Although the present disclosure has been explained in relation to its embodiment, it is to be understood that many other possible modifications and variations can be made without departing from the spirit and scope of the disclosure as hereinafter claimed.

Claims

1. A styrene-modified polyethylene-based expandable resin particle, comprising: a polyethylene resin and a polystyrene resin,

wherein a content of the polyethylene resin ranges from 5 wt % to 30 wt % and a content of the polystyrene resin ranges from 70 wt % to 95 wt % based on 100 wt % of the polyethylene resin and the polystyrene resin,

wherein the expandable resin particle comprises a xylene insoluble matter and an acetone insoluble matter, and a ratio of a content of the xylene insoluble matter to a content of the acetone insoluble matter ranges from 0.01 to 5.

2. The expandable resin particle of claim 1, wherein the content of the polyethylene resin ranges from 5 wt % to 15 wt % and the content of the polystyrene resin ranges from 85 wt % to 95 wt % based on 100 wt % of the polyethylene resin and the polystyrene resin.

3. The expandable resin particle of claim 1, wherein the content of the acetone insoluble matter ranges from 10 wt % to 60 wt %.

4. The expandable resin particle of claim 3, wherein the content of the acetone insoluble matter ranges from 15 wt % to 40 wt %.

5. The expandable resin particle of claim 1, wherein the content of the xylene insoluble matter is less than or equal to 70 wt %.
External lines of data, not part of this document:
lemma cyc_seg_cover:
  assumes Cp: "dcycle_seq E M Cp cp"
    and sf: "s < f" "f < s + int (length cp)" and c: "c mod int (length cp) = f mod int (length cp)"
    and F: "cyc_range cp (s + 1) c \<subseteq> F" "cyc_nth cp s \<in> F" "cyc_nth cp f \<in> F"
    and B: "cyc_range cp c (s + 1) \<subseteq> B"
  shows "cyc_seg M Cp (cyc_nth cp s) (cyc_nth cp f) \<subseteq> F \<or>
         cyc_seg M Cp (cyc_nth cp f) (cyc_nth cp s) \<subseteq> B"
proof (cases "s < c")
  case True
  then have "f \<le> c"
    using mod_eq_in_window(1)[OF c sf] by simp
  have "cyc_seg M Cp (cyc_nth cp s) (cyc_nth cp f) = cyc_range cp s (f + 1)"
    using sf by (simp add: cyc_seg_cyc_nth_window[OF Cp])
  also have "\<dots> \<subseteq> cyc_range cp s (s + 1) \<union> cyc_range cp (s + 1) f \<union> cyc_range cp f (f + 1)"
    using cyc_range_subset_union[of cp s "f + 1" "s + 1"] cyc_range_subset_union[of cp "s + 1" "f + 1" f]
    by blast
  also have "\<dots> \<subseteq> F"
    using F cyc_range_mono[of "s + 1" "s + 1" f c cp] \<open>f \<le> c\<close> by simp
  finally show ?thesis
    by blast
next
  case False
  then have "c \<le> f - int (length cp)"
    using mod_eq_in_window(2)[OF c sf] by simp
  have "(s - f) mod int (length cp) = (s - f + int (length cp)) mod int (length cp)"
    by simp
  also have "\<dots> = s - f + int (length cp)"
    using sf by (intro mod_pos_pos_trivial) auto
  finally have "cyc_seg M Cp (cyc_nth cp f) (cyc_nth cp s) =
      cyc_range cp (f - int (length cp) + int (length cp)) (s + 1 + int (length cp))"
    by (simp add: cyc_seg_cyc_nth[OF Cp] algebra_simps)
  also have "\<dots> = cyc_range cp (f - int (length cp)) (s + 1)"
    by (rule cyc_range_add_length)
  also have "\<dots> \<subseteq> B"
    using B cyc_range_mono[of c "f - int (length cp)" "s + 1" "s + 1" cp] \<open>c \<le> f - int (length cp)\<close>
    by simp
  finally show ?thesis
    by blast
qed

theorem lemma5:
  fixes A B :: "'v set" and E red Mstar M Me Cp Ce :: "('v \<times> 'v) set"
    and k :: nat and e es ef :: "'v \<times> 'v"
  assumes crit: "critical A B E red k Mstar M"
    and Cp_cycle: "dcycle E M Cp"
    and Cp_sub: "Cp \<subseteq> (M - Mstar) \<union> (Mstar - M)"
    and Cp_pos: "wM red M Cp > 0"
    and e_in: "e \<in> Eplus red M Cp"
    and Me: "is_Me A B E red e Me"
    and Ce_cycle: "dcycle E M Ce"
    and Ce_sub: "Ce \<subseteq> (M - Me) \<union> (Me - M)"
    and e_Ce: "e \<in> Ce"
    and es_Cp: "es \<in> Cp" and ef_Cp: "ef \<in> Cp"
    and es_Ce: "es \<in> Ce" and ef_Ce: "ef \<in> Ce"
    and es_ef: "es \<noteq> ef"
  shows "cyc_seg M Cp es ef \<subseteq> reach_f E red M Cp Ce (cyc_seg M Ce es ef)
       \<or> cyc_seg M Cp ef es \<subseteq> reach_b E red M Cp Ce (cyc_seg M Ce es ef)"
proof -
  obtain cp ce where Cp: "dcycle_seq E M Cp cp" and Ce: "dcycle_seq E M Ce ce"
    using Cp_cycle Ce_cycle by (auto simp: dcycle_iff_dcycle_seq)
  have "set cp = Cp" "set ce = Ce"
    using Cp Ce by (simp_all add: dcycle_seq_def)
  then obtain s f s' m
    where s: "cyc_nth cp s = es" and f: "s < f" "f < s + int (length cp)" "cyc_nth cp f = ef"
      and s': "cyc_nth ce s' = es" and m: "s' < m" "m < s' + int (length ce)" "cyc_nth ce m = ef"
    using obtain_cyc_nth_pair es_Cp ef_Cp es_Ce ef_Ce es_ef by metis
  define P where "P = cyc_seg M Ce es ef"
  have P_eq: "P = cyc_range ce s' (m + 1)"
    using cyc_seg_cyc_nth_window[OF Ce, of s' m] m s' by (simp add: P_def)
  \<comment> \<open>The walk starts just after e_s, so that e_s is passed backward if the walk ends behind it.\<close>
  have "arc_tail M (cyc_nth ce (s' + 1)) = arc_tail M (cyc_nth cp (s + 1))"

    using head_cyc_nth[OF Ce, of s'] head_cyc_nth[OF Cp, of s] s s' by simp
  then obtain c where c: "arc_tail M (cyc_nth cp c) = arc_tail M (cyc_nth ce m)"
    "cyc_range cp (s + 1) c \<subseteq> reach_f E red M Cp Ce P"
    "cyc_range cp c (s + 1) \<subseteq> reach_b E red M Cp Ce P"
    using reach_walk[OF Cp Ce, where i = "s' + 1" and m = m and P = P and a = "s + 1" and red = red]
      m ef_Cp P_eq cyc_range_mono[of s' "s' + 1" "m + 1" "m + 1" ce]
    by auto
  have "es \<in> P" "ef \<in> P"
    using P_eq s' m by (auto simp: cyc_range_def)
  then have "es \<in> reach_f E red M Cp Ce P" "ef \<in> reach_f E red M Cp Ce P"
    using es_Cp ef_Cp inter_subset_reach_f by blast+
  moreover have "c mod int (length cp) = f mod int (length cp)"
    using c(1) m(3) f(3) by (intro tail_cyc_nth_eq_imp_mod_eq[OF Cp]) simp
  ultimately show ?thesis
    using cyc_seg_cover[OF Cp f(1,2)] c(2,3) s f(3) by (simp add: P_def)
qed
6. The expandable resin particle of claim 5, wherein the content of the xylene insoluble matter ranges from 30 wt % to 60 wt %.

7. The expandable resin particle of claim 1, wherein a sum of the content of the acetone insoluble matter and the content of the xylene insoluble matter ranges from 40 wt % to 90 wt %.
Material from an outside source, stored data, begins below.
definition prefactor :: "('n::finite \<Rightarrow> complex) \<Rightarrow> ('n \<Rightarrow> complex ^ ('n option + 'n option) \<Rightarrow> complex)
    \<Rightarrow> complex ^ ('n option + 'n option) \<Rightarrow> complex" where
  "prefactor chi Lg z = (\<Prod>i\<in>UNIV. exp (chi i * Lg i z))"

lemma Upsilon_eq_prefactor: "Upsilon chi Lg \<Psi> z = prefactor chi Lg z * \<Psi> (xi_map z)"
  by (simp add: Upsilon_def prefactor_def)

lemma pow_base_eq: "pow_base i z = xdiff z i ^ 2 / tdiff z i"
  by (simp add: pow_base_def xdiff_def tdiff_def)

lemma xi_map_Inl: "xi_map z $ Inl i = - tdiff z i / xdiff z i"
  by (simp add: xi_map_def xdiff_def tdiff_def)

lemma has_derivative_xi_map_vupd_Some:
  assumes "xdiff z m \<noteq> 0"
  shows "((\<lambda>w. xi_map (vupd z (Inl (Some m)) w)) has_derivative
      (\<lambda>h. cscale h (axis (Inl m) (tdiff z m / xdiff z m ^ 2)))) (at (z $ Inl (Some m)))"
proof (rule has_derivative_vec_componentwise)
  have "((\<lambda>w. - tdiff z m / (w - z $ Inl None)) has_field_derivative tdiff z m / xdiff z m ^ 2)
      (at (z $ Inl (Some m)))"
    using assms by (auto intro!: derivative_eq_intros simp: xdiff_def power2_eq_square)
  then show "((\<lambda>w. xi_map (vupd z (Inl (Some m)) w) $ b) has_field_derivative
      axis (Inl m) (tdiff z m / xdiff z m ^ 2) $ b) (at (z $ Inl (Some m)))" for b
    by (cases b) (auto simp: xi_map_def vupd_def axis_def tdiff_def)
qed

lemma has_derivative_xi_map_vupd_None:
  assumes "\<forall>i. xdiff z i \<noteq> 0"
  shows "((\<lambda>w. xi_map (vupd z (Inl None) w)) has_derivative
      (\<lambda>h. cscale h (\<chi> b. case b of Inl i \<Rightarrow> - tdiff z i / xdiff z i ^ 2 | Inr i \<Rightarrow> 0)))
      (at (z $ Inl None))"
proof (rule has_derivative_vec_componentwise)
  have "((\<lambda>w. - tdiff z i / (z $ Inl (Some i) - w)) has_field_derivative - tdiff z i / xdiff z i ^ 2)
      (at (z $ Inl None))" for i
    using assms by (auto intro!: derivative_eq_intros simp: xdiff_def power2_eq_square)
  then show "((\<lambda>w. xi_map (vupd z (Inl None) w) $ b) has_field_derivative
      (\<chi> b. case b of Inl i \<Rightarrow> - tdiff z i / xdiff z i ^ 2 | Inr i \<Rightarrow> 0) $ b) (at (z $ Inl None))" for b
    by (cases b) (auto simp: xi_map_def vupd_def tdiff_def)
qed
8. The expandable resin particle of claim 7, wherein the sum of the content of the acetone insoluble matter and the content of the xylene insoluble matter ranges from 60 wt % to 90 wt %.

9. The expandable resin particle of claim 1, wherein a swelling ratio of the expandable resin particle is less than or equal to 2.5.
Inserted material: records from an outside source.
lemma lin_indep_over_insert:
  assumes S: "lin_indep_over E S" and x: "x \<notin> span_over E S"
  shows "lin_indep_over E (insert x S)"
  unfolding lin_indep_over_def
proof (intro conjI allI impI)
  have fS: "finite S" using S lin_indep_over_finite by blast
  then show "finite (insert x S)" by simp
  have xS: "x \<notin> S" using x span_over_superset[OF fS] by blast
  fix c assume c: "(\<forall>s\<in>insert x S. c s \<in> E) \<and> (\<Sum>s\<in>insert x S. c s * s) = 0"
  then have eq: "c x * x + (\<Sum>s\<in>S. c s * s) = 0" using fS xS by simp
  have cx: "c x = 0"
  proof (rule ccontr)
    assume cx: "c x \<noteq> 0"
    have "(\<Sum>s\<in>S. (- c s / c x) * s) = - (\<Sum>s\<in>S. c s * s) / c x"
      by (simp add: sum_divide_distrib sum_negf)
    also have "\<dots> = x" using eq cx by (simp add: field_simps add_eq_0_iff)
    finally have "x = (\<Sum>s\<in>S. (- c s / c x) * s)" by simp
    moreover have "\<And>s. s \<in> S \<Longrightarrow> - c s / c x \<in> E"
      using c by (auto intro!: subfield_divide[OF E] subfield_uminus[OF E])
    ultimately show False using x span_overI[of S "\<lambda>s. - c s / c x" E] by metis
  qed
  then have "(\<Sum>s\<in>S. c s * s) = 0" using eq by simp
  then have "\<forall>s\<in>S. c s = 0" using lin_indep_overD[OF S, of c] c by blast
  then show "\<forall>s\<in>insert x S. c s = 0" using cx by blast
qed

lemma lin_indep_insert_not_in_span:
  assumes I: "lin_indep_over E (insert x S)" and xS: "x \<notin> S"
  shows "x \<notin> span_over E S"
proof
  assume "x \<in> span_over E S"
  then obtain c where c: "\<And>s. s \<in> S \<Longrightarrow> c s \<in> E" "x = (\<Sum>s\<in>S. c s * s)" unfolding span_over_def by blast
  define d where "d = (\<lambda>s. if s = x then - 1 else c s)"
  have fS: "finite S" using lin_indep_over_finite[OF I] by simp
  have "(\<Sum>s\<in>S. d s * s) = (\<Sum>s\<in>S. c s * s)" by (rule sum.cong) (use xS in \<open>auto simp: d_def\<close>)
  then have "(\<Sum>s\<in>insert x S. d s * s) = 0" using fS xS c(2) by (simp add: d_def)
  moreover have "\<And>s. s \<in> insert x S \<Longrightarrow> d s \<in> E"
    using c(1) by (auto simp: d_def subfield_uminus[OF E] subfield_one[OF E])
  ultimately have "d x = 0" using lin_indep_overD[OF I, of d x] by simp
  then show False by (simp add: d_def)
qed

lemma lin_indep_shear:
  assumes S: "lin_indep_over E S" and s0: "s0 \<in> S" and c: "\<And>s. s \<in> S \<Longrightarrow> c s \<in> E"
  shows "lin_indep_family E (S - {s0}) (\<lambda>s. s - c s * s0)"
  unfolding lin_indep_family_def
proof (intro conjI allI impI)
  have fS: "finite S" using S lin_indep_over_finite by blast
  then show "finite (S - {s0})" by simp
  fix d assume d: "(\<forall>s\<in>S - {s0}. d s \<in> E) \<and> (\<Sum>s\<in>S - {s0}. d s * (s - c s * s0)) = 0"
  define k where "k = (\<Sum>s\<in>S - {s0}. d s * c s)"
  define e where "e = (\<lambda>s. if s = s0 then - k else d s)"
  have "(\<Sum>s\<in>S - {s0}. d s * (s - c s * s0)) = (\<Sum>s\<in>S - {s0}. d s * s) - k * s0"
    unfolding k_def by (simp add: algebra_simps sum_subtractf sum_distrib_right sum_distrib_left)
  moreover have "(\<Sum>s\<in>S. e s * s) = e s0 * s0 + (\<Sum>s\<in>S - {s0}. d s * s)"
    using fS s0 by (simp add: sum.remove e_def)
  ultimately have "(\<Sum>s\<in>S. e s * s) = 0" using d by (simp add: e_def)
  moreover have "k \<in> E"
    unfolding k_def using d c by (auto intro!: subfield_sum[OF E] subfield_mult[OF E])
  then have "\<And>s. s \<in> S \<Longrightarrow> e s \<in> E" using d by (auto simp: e_def subfield_uminus[OF E])
  ultimately have "\<forall>s\<in>S. e s = 0" using lin_indep_overD[OF S, of e] by blast
  then show "\<forall>s\<in>S - {s0}. d s = 0" unfolding e_def by (metis DiffE singletonI)
qed

text \<open>Steinitz exchange: a vector of \<open>S\<close> with nonzero \<open>t\<close>-coordinate is used to eliminate
  \<open>t\<close> from all other vectors of \<open>S\<close>, and \<open>lin_indep_shear\<close> keeps them independent.\<close>

lemma lin_indep_card_le_span:
  assumes fT: "finite T"
  shows "S \<subseteq> span_over E T \<Longrightarrow> lin_indep_over E S \<Longrightarrow> card S \<le> card T"
  using fT
proof (induction T arbitrary: S rule: finite_induct)
  case empty
  then have "S \<subseteq> {0}" by (simp add: span_over_empty)
  then have "S = {}" using lin_indep_over_zero[OF empty.prems(2)] by blast
  then show ?case by simp
next
  case (insert t T)
  have fS: "finite S" using insert.prems lin_indep_over_finite by blast
  have "\<forall>s\<in>S. \<exists>c. (\<forall>u\<in>insert t T. c u \<in> E) \<and> s = (\<Sum>u\<in>insert t T. c u * u)"
    using insert.prems(1) unfolding span_over_def by blast
  then obtain C where C: "\<And>s u. s \<in> S \<Longrightarrow> u \<in> insert t T \<Longrightarrow> C s u \<in> E"
    "\<And>s. s \<in> S \<Longrightarrow> s = (\<Sum>u\<in>insert t T. C s u * u)"
    by metis
  have Cs: "\<And>s. s \<in> S \<Longrightarrow> s = C s t * t + (\<Sum>u\<in>T. C s u * u)"
    using C(2) insert.hyps by simp
  show ?case
  proof (cases "\<forall>s\<in>S. C s t = 0")
    case True
    have "S \<subseteq> span_over E T"
    proof
      fix s assume s: "s \<in> S"
      then have "s = (\<Sum>u\<in>T. C s u * u)" using Cs True by force
      then show "s \<in> span_over E T" using span_overI[of T "C s" E] C(1)[OF s] by auto
    qed
    then have "card S \<le> card T" using insert.IH insert.prems(2) by blast
    then show ?thesis using insert.hyps by simp
  next
    case False
    then obtain s0 where s0: "s0 \<in> S" "C s0 t \<noteq> 0" by blast
    define \<phi> where "\<phi> = (\<lambda>s. s - (C s t / C s0 t) * s0)"
    have "\<phi> s \<in> span_over E T" if s: "s \<in> S" for s
    proof -
      have "\<phi> s = (\<Sum>u\<in>T. (C s u - (C s t / C s0 t) * C s0 u) * u)"
      proof -
        have "(\<Sum>u\<in>T. (C s u - (C s t / C s0 t) * C s0 u) * u) =
            (\<Sum>u\<in>T. C s u * u) - (C s t / C s0 t) * (\<Sum>u\<in>T. C s0 u * u)"
          by (simp add: algebra_simps sum_subtractf sum_distrib_left)
        also have "\<dots> = (s - C s t * t) - (C s t / C s0 t) * (s0 - C s0 t * t)"
        proof -
          have "(\<Sum>u\<in>T. C s u * u) = s - C s t * t" using Cs[OF s] by (simp add: algebra_simps)
          moreover have "(\<Sum>u\<in>T. C s0 u * u) = s0 - C s0 t * t"
            using Cs[OF s0(1)] by (simp add: algebra_simps)
          ultimately show ?thesis by (simp only:)
        qed
        also have "\<dots> = \<phi> s" unfolding \<phi>_def using s0(2) by (simp add: field_simps)
        finally show ?thesis by simp
      qed
      moreover have "\<And>u. u \<in> T \<Longrightarrow> C s u - (C s t / C s0 t) * C s0 u \<in> E"
        using C(1) s s0 by (auto intro!: subfield_diff[OF E] subfield_mult[OF E] subfield_divide[OF E])
      ultimately show ?thesis using span_overI[of T "\<lambda>u. C s u - (C s t / C s0 t) * C s0 u" E] by metis
    qed
    then have "\<phi> ` (S - {s0}) \<subseteq> span_over E T" by blast
    moreover have "lin_indep_family E (S - {s0}) \<phi>"
      unfolding \<phi>_def using C(1) s0(1)
      by (intro lin_indep_shear[OF insert.prems(2) s0(1)]) (auto intro!: subfield_divide[OF E])
    ultimately have "card (S - {s0}) \<le> card T"
      using insert.IH lin_indep_family_image by metis
    then show ?thesis using s0 fS insert.hyps by (simp add: card_Diff_singleton)
  qed
qed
10. The expandable resin particle of claim 9, wherein the swelling ratio of the expandable resin particle is less than or equal to 1.6.

11. The expandable resin particle of claim 1, wherein the polystyrene resin has an uncrosslinked part, and a molecular weight of the uncrosslinked part ranges from 30,000 to 80,000.

12. The expandable resin particle of claim 11, wherein the molecular weight of the uncrosslinked part ranges from 45,000 to 65,000.

13. The expandable resin particle of claim 1, wherein an absorbance ratio at 698 cm−1 and 2850 cm−1 obtained from an infrared absorption spectrum of a surface of the expandable resin particle is greater than or equal to 1.0.

14. The expandable resin particle of claim 13, wherein the absorbance ratio at 698 cm−1 and 2850 cm−1 obtained from the infrared absorption spectrum of the surface of the expandable resin particle is greater than or equal to 2.5.

15. The expandable resin particle of claim 1, wherein the expandable resin particle has an average particle size ranging from 1.0 mm to 2.0 mm.

16. The expandable resin particle of claim 15, wherein the expandable resin particle has the average particle size ranging from 1.4 mm to 1.7 mm.

17. A styrene-modified polyethylene-based expanded resin particle, which is manufactured by the expandable resin particle of claim 1 through a foaming process.

18. A foamed resin molded article, which is manufactured by the expanded resin particle of claim 17 through a molding process.

19. The foamed resin molded article of claim 18, which is used as a material for a transport container or a transportation device.

20. A method for manufacturing the expandable resin particle of claim 1, comprising the following steps:

providing a mixture comprising a polyethylene resin particle; and

mixing the mixture comprising the polyethylene resin particle with a styrene monomer and a polymerization initiator to obtain the expandable resin particle of claim 1.

21. The method of claim 20, wherein the mixture comprising the polyethylene resin particle is mixed with the styrene monomer and the polymerization initiator, followed by heating to 115° C. to 125° C. to obtain the expandable resin particle of claim 1.